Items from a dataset

╭──

lemma cylinder_singleton: "cylinder [a] = {w \<in> {0<..<1}. \<lfloor>1 / w\<rfloor> = int a}"
  unfolding cylinder_def by (auto simp: cf_digit_0)

lemma cylinder_Cons:
  assumes "a \<noteq> 0" and "as \<noteq> []" and "0 \<notin> set as"
  shows "cylinder (a # as) = (\<lambda>u. 1 / (real a + u)) ` cylinder as"
proof (intro equalityI subsetI)
  fix w assume "w \<in> cylinder (a # as)"
  then have w: "0 < w" "w < 1" and digits: "\<And>i. i < Suc (length as) \<Longrightarrow> cf_digit i w = int ((a # as) ! i)"
    unfolding cylinder_def by auto
  have floor_w: "\<lfloor>1 / w\<rfloor> = int a"
    using digits[of 0] by (simp add: cf_digit_0)
  define u where "u = gauss_map w"
  have u_digits: "cf_digit i u = int (as ! i)" if "i < length as" for i
    using digits[of "Suc i"] that by (simp add: cf_digit_Suc u_def)
  have "as ! 0 \<noteq> 0"
    using assms(2,3) by (metis length_greater_0_conv nth_mem)
  with u_digits[of 0] assms(2) have "u \<noteq> 0"
    by (auto simp: cf_digit_0)
  moreover have "0 \<le> u" "u < 1"
    unfolding u_def gauss_map_def by (auto simp: frac_lt_1)
  ultimately have "u \<in> cylinder as"
    unfolding cylinder_def using u_digits by auto
  moreover have "w = 1 / (real a + u)"
    using floor_w w unfolding u_def gauss_map_def frac_def by simp
  ultimately show "w \<in> (\<lambda>u. 1 / (real a + u)) ` cylinder as"
    by blast
next
  fix w assume "w \<in> (\<lambda>u. 1 / (real a + u)) ` cylinder as"
  then obtain u where u: "0 < u" "u < 1" and w: "w = 1 / (real a + u)"
    and u_digits: "\<And>i. i < length as \<Longrightarrow> cf_digit i u = int (as ! i)"
    unfolding cylinder_def by auto
  have a: "real a \<ge> 1"
    using assms(1) by simp
  have inv_w: "1 / w = real a + u"
    using w u a by simp
  have floor_w: "\<lfloor>1 / w\<rfloor> = int a"
    unfolding inv_w using u by (simp add: floor_eq_iff)
  have "gauss_map w = u"
    unfolding gauss_map_def frac_def using floor_w inv_w by simp
  then have "cf_digit i w = int ((a # as) ! i)" if "i < Suc (length as)" for i
    using that floor_w u_digits by (cases i) (auto simp: cf_digit_0 cf_digit_Suc)
  moreover have "0 < w" "w < 1"
    unfolding w using u a by (auto simp: field_simps)
  ultimately show "w \<in> cylinder (a # as)"
    unfolding cylinder_def by auto
qed

text \<open>The inverse branch of the n-th iterate of the Gauss map on the cylinder of
  a_1,\<dots>,a_n, i.e.\ t \<mapsto> [0; a_1, \<dots>, a_{n-1}, a_n + t].\<close>
primrec cf_branch :: "nat list \<Rightarrow> real \<Rightarrow> real" where
  "cf_branch [] t = t"
| "cf_branch (a # as) t = 1 / (real a + cf_branch as t)"

lemma cf_branch_append: "cf_branch (xs @ ys) t = cf_branch xs (cf_branch ys t)"
  by (induct xs) auto

lemma cf_branch_bounds:
  assumes "0 \<notin> set zs" "0 \<le> t" "t \<le> 1"
  shows "0 \<le> cf_branch zs t" "cf_branch zs t \<le> 1"
  using assms by (induct zs) auto

lemma closed_segment_real_iff: "w \<in> closed_segment x y \<longleftrightarrow> (w - x) * (w - y) \<le> (0::real)"
  by (cases "x \<le> y") (auto simp: closed_segment_eq_real_ivl mult_le_0_iff)

lemma open_segment_real_iff: "w \<in> open_segment x y \<longleftrightarrow> (w - x) * (w - y) < (0::real)"
  by (cases "x \<le> y") (auto simp: open_segment_eq_real_ivl mult_less_0_iff)

lemma inverse_shift_diff_mult:
  fixes a u x y :: real
  assumes "0 < a" "0 \<le> u" "0 \<le> x" "0 \<le> y"
  shows "(1 / (a + u) - 1 / (a + x)) * (1 / (a + u) - 1 / (a + y))
       = (u - x) * (u - y) / ((a + u)\<^sup>2 * (a + x) * (a + y))"
  using assms by (simp add: field_simps power2_eq_square)

lemma cylinder_singleton_segments:
  assumes "a \<noteq> 0"
  shows "open_segment (1 / real a) (1 / (real a + 1)) \<subseteq> cylinder [a]"
    and "cylinder [a] \<subseteq> closed_segment (1 / real a) (1 / (real a + 1))"
proof -
  have a: "real a \<ge> 1"
    using assms by simp
  have ends: "1 / (real a + 1) < 1 / real a" "1 / real a \<le> 1"
    using a by (auto simp: field_simps)
  show "open_segment (1 / real a) (1 / (real a + 1)) \<subseteq> cylinder [a]"
  proof
    fix w assume "w \<in> open_segment (1 / real a) (1 / (real a + 1))"
    then have w: "1 / (real a + 1) < w" "w < 1 / real a"
      using ends by (auto simp: open_segment_eq_real_ivl)
    moreover have "0 < w"
      using w(1) a by (simp add: less_trans[OF _ w(1)])
    ultimately have "real a < 1 / w" "1 / w < real a + 1"
      using a by (auto simp: field_simps)
    moreover have "w < 1"
      using w(2) ends(2) by linarith
    ultimately show "w \<in> cylinder [a]"
      using \<open>0 < w\<close> by (simp add: cylinder_singleton floor_eq_iff)
  qed
  show "cylinder [a] \<subseteq> closed_segment (1 / real a) (1 / (real a + 1))"
  proof
    fix w assume "w \<in> cylinder [a]"
    then have "0 < w" "real a \<le> 1 / w" "1 / w < real a + 1"
      by (auto simp: cylinder_singleton floor_eq_iff)
    then have "1 / (real a + 1) \<le> w" "w \<le> 1 / real a"
      using a by (auto simp: field_simps)
    then show "w \<in> closed_segment (1 / real a) (1 / (real a + 1))"
      using ends by (simp add: closed_segment_eq_real_ivl)
  qed
qed

lemma inverse_shift_image_segments:
  fixes a x y :: real
  defines "\<phi> \<equiv> \<lambda>u. 1 / (a + u)"
  assumes a: "0 < a" and xy: "0 \<le> x" "0 \<le> y" and S: "S \<subseteq> {0..}"
  shows "open_segment x y \<subseteq> S \<Longrightarrow> open_segment (\<phi> x) (\<phi> y) \<subseteq> \<phi> ` S"
    and "S \<subseteq> closed_segment x y \<Longrightarrow> \<phi> ` S \<subseteq> closed_segment (\<phi> x) (\<phi> y)"
proof -
  have sign: "(\<phi> u - \<phi> x) * (\<phi> u - \<phi> y) = (u - x) * (u - y) / ((a + u)\<^sup>2 * (a + x) * (a + y))"
    and denom_pos: "(a + u)\<^sup>2 * (a + x) * (a + y) > 0" if "0 \<le> u" for u
    unfolding \<phi>_def using inverse_shift_diff_mult[of a u x y] that a xy by auto
  show "open_segment (\<phi> x) (\<phi> y) \<subseteq> \<phi> ` S" if "open_segment x y \<subseteq> S"
  proof
    fix w assume w_seg: "w \<in> open_segment (\<phi> x) (\<phi> y)"
    have "0 < \<phi> x" "\<phi> x \<le> 1 / a" "0 < \<phi> y" "\<phi> y \<le> 1 / a"
      unfolding \<phi>_def using a xy by (auto simp: field_simps)
    then have w: "0 < w" "w < 1 / a"
      using w_seg by (auto simp: open_segment_eq_real_ivl split: if_splits)
    define u where "u = 1 / w - a"
    have "u > 0" and w_eq: "w = \<phi> u"
      using w a by (auto simp: u_def \<phi>_def field_simps)
    then have "(u - x) * (u - y) < 0"
      using w_seg sign[of u] denom_pos[of u] by (simp add: open_segment_real_iff divide_less_0_iff)
    then show "w \<in> \<phi> ` S"
      unfolding w_eq using that by (auto simp: open_segment_real_iff)
  qed
  show "\<phi> ` S \<subseteq> closed_segment (\<phi> x) (\<phi> y)" if "S \<subseteq> closed_segment x y"
  proof
    fix w assume "w \<in> \<phi> ` S"
    then obtain u where u: "u \<in> S" and w_eq: "w = \<phi> u"
      by blast
    have "(u - x) * (u - y) \<le> 0"
      using that u by (auto simp: closed_segment_real_iff)
    then show "w \<in> closed_segment (\<phi> x) (\<phi> y)"
      unfolding w_eq using S u sign[of u] denom_pos[of u]
      by (auto simp: closed_segment_real_iff divide_le_0_iff)
  qed
qed

lemma cylinder_segments:
  assumes "zs \<noteq> []" "0 \<notin> set zs"
  shows "open_segment (cf_branch zs 0) (cf_branch zs 1) \<subseteq> cylinder zs
       \<and> cylinder zs \<subseteq> closed_segment (cf_branch zs 0) (cf_branch zs 1)"
  using assms
proof (induct zs rule: list_nonempty_induct)
  case (single a)
  then show ?case
    using cylinder_singleton_segments[of a] by simp
next
  case (cons a zs)
  then have "cylinder (a # zs) = (\<lambda>u. 1 / (real a + u)) ` cylinder zs"
    by (simp add: cylinder_Cons)
  moreover have "cylinder zs \<subseteq> {0..}"
    by (auto simp: cylinder_def)
  ultimately show ?case
    using cons inverse_shift_image_segments[of "real a" "cf_branch zs 0" "cf_branch zs 1" "cylinder zs"]
      cf_branch_bounds[of zs] by auto
qed

lemma gauss_density_measurable [measurable]:
  "(\<lambda>w. ennreal (indicator {0<..<1} w / (ln 2 * (1 + w)))) \<in> borel_measurable lborel"
  by measurable

lemma sets_gauss_measure [simp]: "sets gauss_measure = sets lborel"
  unfolding gauss_measure_def by simp

lemma finite_imp_null_set_gauss_measure:
  assumes "finite N"
  shows "N \<in> null_sets gauss_measure"
proof -
  have "N \<in> null_sets lborel"
    using assms by (rule finite_imp_null_set_lborel)
  then have "AE x in lborel. x \<notin> N"
    by (rule AE_not_in)
  then show ?thesis
    unfolding gauss_measure_def null_sets_density_iff[OF gauss_density_measurable]
    using \<open>N \<in> null_sets lborel\<close> by (auto elim: eventually_mono)
qed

╰──

What you will do: Where a line of the data includes the string "subseteq", list that line.

Your response:
  shows "open_segment (1 / real a) (1 / (real a + 1)) \<subseteq> cylinder [a]"
    and "cylinder [a] \<subseteq> closed_segment (1 / real a) (1 / (real a + 1))"
  show "open_segment (1 / real a) (1 / (real a + 1)) \<subseteq> cylinder [a]"
  show "cylinder [a] \<subseteq> closed_segment (1 / real a) (1 / (real a + 1))"
  assumes a: "0 < a" and xy: "0 \<le> x" "0 \<le> y" and S: "S \<subseteq> {0..}"
  shows "open_segment x y \<subseteq> S \<Longrightarrow> open_segment (\<phi> x) (\<phi> y) \<subseteq> \<phi> ` S"
    and "S \<subseteq> closed_segment x y \<Longrightarrow> \<phi> ` S \<subseteq> closed_segment (\<phi> x) (\<phi> y)"
  show "open_segment (\<phi> x) (\<phi> y) \<subseteq> \<phi> ` S" if "open_segment x y \<subseteq> S"
  show "\<phi> ` S \<subseteq> closed_segment (\<phi> x) (\<phi> y)" if "S \<subseteq> closed_segment x y"
  shows "open_segment (cf_branch zs 0) (cf_branch zs 1) \<subseteq> cylinder zs
       \<and> cylinder zs \<subseteq> closed_segment (cf_branch zs 0) (cf_branch zs 1)"
  moreover have "cylinder zs \<subseteq> {0..}"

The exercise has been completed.